The Atlas of North American English is a formant extrinsic, speaker extrinsic normalization technique. It involves calculating the grand average log(hz) for all speakers for F1 and F2 combined. Here’s a function to do the actual normalization calculation.

  anae_fun <- function(hz, grand_mean){
    hz * (exp(grand_mean - mean(log(hz))))
  }

While pb_long already has the data in the correct format to do this easilly, the original ANAE approach only looked at F1 and F2, so we need to filter the data to only have those rows corresponding to F1 and F2 estimates.
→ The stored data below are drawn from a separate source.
lemma truncation_approx:
  assumes [measurable]: "f \<in> borel_measurable lborel" and "L2sq f < \<infinity>" "0 < e"
  shows "\<exists>n::nat. L2sq (\<lambda>p. f p - clip n (f p) * trunc n p) < ennreal e"
proof (rule L2sq_dominated_convergence[where w="\<lambda>p. 4 * (cmod (f p))\<^sup>2"])
  have "(\<integral>\<^sup>+p. indicator fdom p * ennreal (4 * (cmod (f p))\<^sup>2) \<partial>lborel) = 4 * L2sq f"
    unfolding L2sq_def
    by (subst nn_integral_cmult[symmetric]) (auto intro!: nn_integral_cong simp: ennreal_mult mult_ac)
  then show "(\<integral>\<^sup>+p. indicator fdom p * ennreal (4 * (cmod (f p))\<^sup>2) \<partial>lborel) < \<infinity>"
    using assms(2) by (simp add: ennreal_mult_less_top)
  show "AE p in lborel. p \<in> fdom \<longrightarrow> (cmod (f p - clip (real n) (f p) * trunc (real n) p))\<^sup>2 \<le> 4 * (cmod (f p))\<^sup>2" for n
  proof (intro AE_I2 impI)
    fix p
    have "cmod (clip (real n) (f p) * trunc (real n) p) \<le> cmod (f p) * 1"
      unfolding norm_mult by (intro mult_mono norm_clip_le norm_trunc_le_1) auto
    then have "cmod (f p - clip (real n) (f p) * trunc (real n) p) \<le> 2 * cmod (f p)"
      using norm_triangle_ineq4[of "f p" "clip (real n) (f p) * trunc (real n) p"] by linarith
    then have "(cmod (f p - clip (real n) (f p) * trunc (real n) p))\<^sup>2 \<le> (2 * cmod (f p))\<^sup>2"
      by (intro power_mono) auto
    then show "(cmod (f p - clip (real n) (f p) * trunc (real n) p))\<^sup>2 \<le> 4 * (cmod (f p))\<^sup>2"
      by (simp add: power_mult_distrib)
  qed
  show "AE p in lborel. p \<in> fdom \<longrightarrow> (\<lambda>n. clip (real n) (f p) * trunc (real n) p) \<longlonglongrightarrow> f p"
    using AE_snd_neq_0
  proof (eventually_elim, intro impI)
    case (elim p)
    assume "p \<in> fdom"
    then have t: "0 < snd p" "snd p < pi" using elim by (auto simp: fdom_def)
    define K where "K = max (max (cmod (fst p) + 1) (max (1 / snd p) (1 / (pi - snd p))))
      (max \<bar>Re (f p)\<bar> \<bar>Im (f p)\<bar>)"
    obtain N :: nat where N: "K \<le> real N" using real_arch_simple by blast
    have "clip (real n) (f p) * trunc (real n) p = f p" if "N \<le> n" for n
    proof -
      have "K \<le> real n" using N that by linarith
      then have "trunc (real n) p = 1" "clip (real n) (f p) = f p"
        using t by (auto simp: K_def intro!: trunc_eq_1 clip_eq)
      then show ?thesis by simp
    qed
    then show "(\<lambda>n. clip (real n) (f p) * trunc (real n) p) \<longlonglongrightarrow> f p"
      by (intro tendsto_eventually) (auto simp: eventually_sequentially)
  qed
qed (use assms in simp_all)

lemma norm_clip_trunc_diff_sq_le:
  assumes "0 \<le> k"
  shows "(cmod (clip k x * trunc k p - clip k y * trunc k p))\<^sup>2
    \<le> 16 * k\<^sup>2 * indicator (cball (0::complex) k \<times> UNIV) p"
proof (cases "cmod (fst p) < k")
  case True
  have "cmod (clip k x * trunc k p) \<le> 2 * k * 1" "cmod (clip k y * trunc k p) \<le> 2 * k * 1"
    unfolding norm_mult using assms by (intro mult_mono norm_clip_le_2k norm_trunc_le_1; simp)+
  then have "cmod (clip k x * trunc k p - clip k y * trunc k p) \<le> 4 * k"
    using norm_triangle_ineq4[of "clip k x * trunc k p" "clip k y * trunc k p"] by linarith
  then have "(cmod (clip k x * trunc k p - clip k y * trunc k p))\<^sup>2 \<le> (4 * k)\<^sup>2"
    by (intro power_mono) auto
  moreover have "p \<in> cball 0 k \<times> UNIV" using True by (cases p) auto
  ultimately show ?thesis by (simp add: power_mult_distrib)
qed (simp add: trunc_eq_0)

lemma continuous_approx_truncation:
  assumes [measurable]: "f \<in> borel_measurable lborel" and "0 < e" "0 \<le> k"
  shows "\<exists>g. continuous_on UNIV g \<and> (\<forall>z. g (z, pi) = g (z, 0)) \<and> (\<forall>z t. k \<le> cmod z \<longrightarrow> g (z, t) = 0)
     \<and> L2sq (\<lambda>p. clip k (f p) * trunc k p - g p) < ennreal e"
proof -
  have "f \<in> borel_measurable lebesgue" by (rule measurable_completion) simp
  then have "f measurable_on UNIV"
    by (rule lebesgue_measurable_imp_measurable_on) simp
  then obtain N \<phi> where N: "negligible N" and \<phi>: "\<And>j. continuous_on UNIV (\<phi> j)"
    and \<phi>_lim: "\<And>x. x \<notin> N \<Longrightarrow> (\<lambda>j. \<phi> j x) \<longlonglongrightarrow> f x"
    unfolding measurable_on_def by auto
  have "AE x in lebesgue. x \<notin> N"
    using N by (intro AE_not_in) (simp add: negligible_iff_null_sets)
  then have "AE x in lborel. x \<notin> N" by (simp add: AE_completion_iff)
  define s where "s j p = clip k (\<phi> j p) * trunc k p" for j p
  have s: "continuous_on UNIV (s j)" for j
    unfolding s_def
    by (intro continuous_intros continuous_on_compose2[OF continuous_on_clip \<phi>] continuous_on_trunc) auto
  define w where "w p = 16 * k\<^sup>2 * indicator (cball (0::complex) k \<times> UNIV) p" for p :: hpt
  have "\<exists>j. L2sq (\<lambda>p. clip k (f p) * trunc k p - s j p) < ennreal e"
  proof (rule L2sq_dominated_convergence[where w=w])
    show "s j \<in> borel_measurable lborel" for j by (rule continuous_imp_measurable_lborel[OF s])
    have "cball (0::complex) k \<times> UNIV \<in> sets (lborel::hpt measure)"
      by (intro Times_in_sets_lborel) auto
    then show "w \<in> borel_measurable lborel" unfolding w_def by measurable
    have "(\<integral>\<^sup>+p. indicator fdom p * ennreal (w p) \<partial>lborel)
        = (\<integral>\<^sup>+p. ennreal (16 * k\<^sup>2) * indicator (cball (0::complex) k \<times> {0..<pi}) p \<partial>lborel)"
      by (intro nn_integral_cong) (auto simp: w_def fdom_def indicator_def)
    also have "\<dots> = ennreal (16 * k\<^sup>2) * emeasure lborel (cball (0::complex) k \<times> {0..<pi})"
      by (intro nn_integral_cmult_indicator Times_in_sets_lborel) auto
    also have "\<dots> < \<infinity>"
      using emeasure_cball_strip_finite by (simp add: ennreal_mult_less_top)
    finally show "(\<integral>\<^sup>+p. indicator fdom p * ennreal (w p) \<partial>lborel) < \<infinity>" .
    show "AE p in lborel. p \<in> fdom \<longrightarrow> (cmod (clip k (f p) * trunc k p - s j p))\<^sup>2 \<le> w p" for j
      using norm_clip_trunc_diff_sq_le[OF \<open>0 \<le> k\<close>] by (simp add: s_def w_def)
    show "AE p in lborel. p \<in> fdom \<longrightarrow> (\<lambda>j. s j p) \<longlonglongrightarrow> clip k (f p) * trunc k p"
      using \<open>AE x in lborel. x \<notin> N\<close>
    proof eventually_elim
      case (elim p)
      have "(\<lambda>j. clip k (\<phi> j p)) \<longlonglongrightarrow> clip k (f p)"
        by (rule isCont_tendsto_compose[OF _ \<phi>_lim[OF elim]])
           (use continuous_on_clip[of UNIV k] in \<open>simp add: continuous_on_eq_continuous_at\<close>)
      then show ?case by (simp add: s_def tendsto_mult_right)
    qed
  qed (use assms in simp_all)
  then obtain j where "L2sq (\<lambda>p. clip k (f p) * trunc k p - s j p) < ennreal e" by blast
  moreover have "s j (z, pi) = s j (z, 0)" for z using trunc_ends[OF \<open>0 \<le> k\<close>] by (simp add: s_def)
  moreover have "s j (z, t) = 0" if "k \<le> cmod z" for z t using trunc_eq_0[of k "(z, t)"] that by (simp add: s_def)
  ultimately show ?thesis using s by blast
qed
This dplyr chain does that filtering, groups the data by speaker, estimates the mean log(hz) for each speaker, then the grand mean across all speakers.

  pb_long %>%
    filter(formant %in% c("F1","F2"))%>%
    group_by(speaker)%>%
    summarise(log_mean = mean(log(hz)))%>%
    summarise(log_mean = mean(log_mean))%>%
    use_series("log_mean")-> grand_mean

We now need to return to the whole data set, and use this grand mean to normalize the data within each speaker. We need to group by the speaker, so that we can estimate individual speakers’ mean log(hz).

  pb_long %>%
    filter(formant %in% c("F1","F2"))%>%    
    group_by(speaker)%>%
    mutate(norm_hz = anae_fun(hz, grand_mean))->pb_anae_long

This method preserves both the relative ordering of F1 and F2, as well as the greater spread in F2 relative to F1.

  pb_anae_long %>%
    ggplot(aes(formant, norm_hz, fill = sex))+
      geom_boxplot()

center

Here’s how it looks in the vowel triangle.

  pb_anae_long %>%
    select(-hz)%>%
    spread(formant, norm_hz)%>%
    ggplot(aes(F2, F1, color = sex))+
      geom_point(alpha = 0.75)+
      scale_x_reverse()+
      scale_y_reverse()+
      coord_fixed()

center

ANAE Summary

Model of an observation

  • Hz for each formant for each vowel token for each speaker

Scope resets

  • One.

Nearey

Nearey normalization is essentially identitcal to the ANAE normalization, except it’s speaker intrinsic. That’s not always clear given the way the ANAE and Nearey formulas are usually given, so I’ve defined the Nearey formula below in a way to emphasize this fact. nearey_fun() is identical to anae_fun() except it takes a single argument, and grand_mean is replaced by 0.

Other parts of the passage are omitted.